These are the key concepts you need to understand to accurately answer the question.

Understanding Linear Recurrence Relations
A linear recurrence relation is a sequence where each term is defined as a linear combination of its preceding terms. These recurrence relations play a pivotal role in mathematics and computer science because they provide a way to describe complex sequences and systems.
Consider the sequence \(1, 4, 7, 10, ...\). This is a simple linear sequence where each term after the first begins with the previous term plus three. A more complex version involves combining several previous terms, scaled by constants, also known as coefficients. This is the foundation of Markov sequences.
When solving problems with linear recurrence relations, it's key to identify the relation's order, the coefficients, and initial conditions. The 'order' refers to how many previous terms in the sequence are used for the calculations of the following terms.
With linear recurrence relations, unique solutions can often be determined by a given set of initial conditions, which are the first few terms of the sequence. Once these are known, the entire sequence can theoretically be unfolded. Therefore, understanding the nature of these relations is vital for students aiming to solve complex problems involving sequences in mathematics.
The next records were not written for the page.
definition algT :: "'o \<times> 'a \<Rightarrow> ('o, 'a) tarrow" where
  "algT Xa = TArrow (mo B (fst Xa)) (snd Xa) (fst Xa)"

definition coalgT :: "('o \<times> 'a) \<times> 'a \<Rightarrow> ('o, 'a) tarrow" where
  "coalgT Y = TArrow (fst (fst Y)) (snd Y) (co C (fst (fst Y)))"

lemma algT_simps [simp]:
  "src (algT Xa) = mo B (fst Xa)" "tgt (algT Xa) = fst Xa" "mor (algT Xa) = snd Xa"
  and coalgT_simps [simp]:
  "src (coalgT Y) = fst (fst Y)" "tgt (coalgT Y) = co C (fst (fst Y))" "mor (coalgT Y) = snd Y"
  by (simp_all add: algT_def coalgT_def)

lemma obj_alg_cat [simp]: "obj (alg_cat A B) = alg_obj A B"
  and cmp_alg_cat [simp]: "cmp (alg_cat A B) = cmp A"
  and idt_alg_cat [simp]: "idt (alg_cat A B) Xa = idt A (fst Xa)"
  by (simp_all add: alg_cat_def)

lemma obj_EMcoalg [simp]: "obj (EMcoalg A B C \<theta>) = coalg_obj (alg_cat A B) (Cth A C \<theta>)"
  and cmp_EMcoalg [simp]: "cmp (EMcoalg A B C \<theta>) = cmp A"
  by (simp_all add: EMcoalg_def coalg_cat_def alg_cat_def)

lemma fst_Cth [simp]: "fst (co (Cth A C \<theta>) Xa) = co C (fst Xa)"
  and ca_Cth [simp]: "ca (Cth A C \<theta>) = ca C"
  and dlt_Cth [simp]: "dlt (Cth A C \<theta>) Xa = dlt C (fst Xa)"
  and snd_Cth [simp]: "snd (co (Cth A C \<theta>) Xa) = cmp A (ca C (snd Xa)) (\<theta> (fst Xa))"
  and eps_Cth [simp]: "eps (Cth A C \<theta>) Xa = eps C (fst Xa)"
  and algT_Cth [simp]: "algT (co (Cth A C \<theta>) Xa) = Ct (algT Xa) \<odot> thetaT (fst Xa)"
  by (simp_all add: Cth_def algT_def tarrow_defs)

lemma fst_T_o [simp]: "fst (T_o B Xa) = mo B (fst Xa)"
  and algT_T_o [simp]: "algT (T_o B Xa) = muT (fst Xa)"
  by (simp_all add: T_o_def algT_def muT_def)

lemma fst_G_o [simp]: "fst (G_o A C \<theta> Xa) = co (Cth A C \<theta>) Xa"
  and snd_G_o [simp]: "snd (G_o A C \<theta> Xa) = dlt C (fst Xa)"
  and coalgT_G_o [simp]: "coalgT (G_o A C \<theta> Xa) = deltaT (fst Xa)"
  by (simp_all add: G_o_def Cth_def coalgT_def deltaT_def)

lemma fst_Tth_o [simp]: "fst (Tth_o A B \<theta> Y) = T_o B (fst Y)"
  and coalgT_Tth_o [simp]: "coalgT (Tth_o A B \<theta> Y) = thetaT (fst (fst Y)) \<odot> Bt (coalgT Y)"
  by (simp_all add: Tth_o_def T_o_def coalgT_def tarrow_defs)

lemma mate_eq:
  "mate A B C \<theta> \<Omega> Y =
    mor (epsT (mo B (fst (fst Y)))
      \<odot> TArrow (mo B (co C (fst (fst Y)))) (\<Omega> (fst Y)) (co C (mo B (fst (fst Y))))
      \<odot> Bt (coalgT Y))"
  by (simp add: mate_def T_o_def coalgT_def tarrow_defs)

lemma alg_obj_iff:
  "Xa \<in> alg_obj A B \<longleftrightarrow>
    typed (algT Xa) \<and> algT Xa \<odot> etaT (fst Xa) = idT (fst Xa) \<and>
    algT Xa \<odot> Bt (algT Xa) = algT Xa \<odot> muT (fst Xa)"
  using typed_objs(2)[of "algT Xa"] by (auto simp: alg_obj_def algT_def tarrow_defs)

lemma alg_hom_iff:
  "f \<in> hom (alg_cat A B) Xa Ya \<longleftrightarrow>
    Xa \<in> alg_obj A B \<and> Ya \<in> alg_obj A B \<and> typed (TArrow (fst Xa) f (fst Ya)) \<and>
    TArrow (fst Xa) f (fst Ya) \<odot> algT Xa = algT Ya \<odot> Bt (TArrow (fst Xa) f (fst Ya))"
  by (auto simp: alg_cat_def algT_def tarrow_defs)

(* These invert tarrow_defs and must not be combined with them. *)
lemmas TArrow_fold [simp] =
  idT_def[symmetric] muT_def[symmetric] etaT_def[symmetric] deltaT_def[symmetric]
  epsT_def[symmetric] thetaT_def[symmetric]

lemma alg_objD:
  assumes "Xa \<in> alg_obj A B"
  shows "fst Xa \<in> obj A" "typed (algT Xa)" "algT Xa \<odot> etaT (fst Xa) = idT (fst Xa)"
    "algT Xa \<odot> Bt (algT Xa) = algT Xa \<odot> muT (fst Xa)"
  using assms by (auto simp: alg_obj_iff dest: typed_objs)

lemma T_o_alg: "fst Xa \<in> obj A \<Longrightarrow> T_o B Xa \<in> alg_obj A B"
  by (simp add: alg_obj_iff mu_assoc mu_etaT)

lemma Cth_alg:
  assumes alg: "Xa \<in> alg_obj A B"
  shows "co (Cth A C \<theta>) Xa \<in> alg_obj A B"
proof -
  define X a where "X = fst Xa" and "a = algT Xa"
  have X: "X \<in> obj A" and a: "typed a" "src a = mo B X" "tgt a = X"
    and unit: "a \<odot> etaT X = idT X" and mult: "a \<odot> Bt a = a \<odot> muT X"
    using alg_objD[OF alg] by (simp_all add: X_def a_def)
  have "(Ct a \<odot> thetaT X) \<odot> etaT (co C X) = Ct a \<odot> Ct (etaT X)"
    using X a by (simp add: tcomp_assoc theta_eta)
  also have "\<dots> = idT (co C X)"
    using X a by (simp add: Ct_tcomp[symmetric] unit Ct_idT)
  finally have lifted_unit: "(Ct a \<odot> thetaT X) \<odot> etaT (co C X) = idT (co C X)" .
  have nat: "thetaT X \<odot> Bt (Ct a) = Ct (Bt a) \<odot> thetaT (mo B X)"
    using theta_natural[OF a(1)] a by simp
  have "(Ct a \<odot> thetaT X) \<odot> Bt (Ct a \<odot> thetaT X) = Ct a \<odot> Ct (Bt a) \<odot> thetaT (mo B X) \<odot> Bt (thetaT X)"
    using X a by (simp add: tcomp_assoc Bt_tcomp tcomp_reassoc2[OF nat])
  also have "\<dots> = Ct a \<odot> Ct (muT X) \<odot> thetaT (mo B X) \<odot> Bt (thetaT X)"
  proof -
    have "Ct a \<odot> Ct (Bt a) = Ct a \<odot> Ct (muT X)"
      using X a by (simp add: Ct_tcomp[symmetric] mult)
    from tcomp_reassoc2[OF this] show ?thesis
      using X a by simp
  qed
  also have "\<dots> = (Ct a \<odot> thetaT X) \<odot> muT (co C X)"
    using X a by (simp add: tcomp_assoc theta_mu)
  finally show ?thesis
    using X a lifted_unit by (simp add: alg_obj_iff flip: X_def a_def)
qed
Decoding Generating Functions
A generating function is an infinite series that encodes the information of a sequence. The beauty of generating functions lies in their ability to simplify the handling of sequences, particularly when working with combinatorial problems or, as in our case, Markov sequences.
In essence, each term in the sequence is associated with a corresponding term in the power series. The coefficients of \(x^n\) in the power series \(A(x)\) are precisely the terms of the sequence, and \(A(x)\) serves as a compact representation. This can be incredibly powerful, as operations on generating functions can correlate to meaningful operations on the sequences they represent.
Consider the function \(A(x) = a_0 + a_1x + a_2x^2 + ...\) where \(a_n\) are the terms of a sequence. This power series is not just a list of terms; it's a tool that enables us to utilize calculus and algebraic techniques to work with the sequence. For instance, differentiating or integrating \(A(x)\) can yield another generating function that provides insights into the original sequence. Thus, mastering generating functions is crucial for students to solve and understand a range of problems in discrete mathematics and in working with Markov sequences.
Exploring Rational Generating Series
A rational generating series is a generating function that can be expressed as the ratio of two polynomials. This property is highly significant, as sequences represented by rational generating series bear the hallmark of having a predictable and regular structure—often indicative of a linear recurrence relation.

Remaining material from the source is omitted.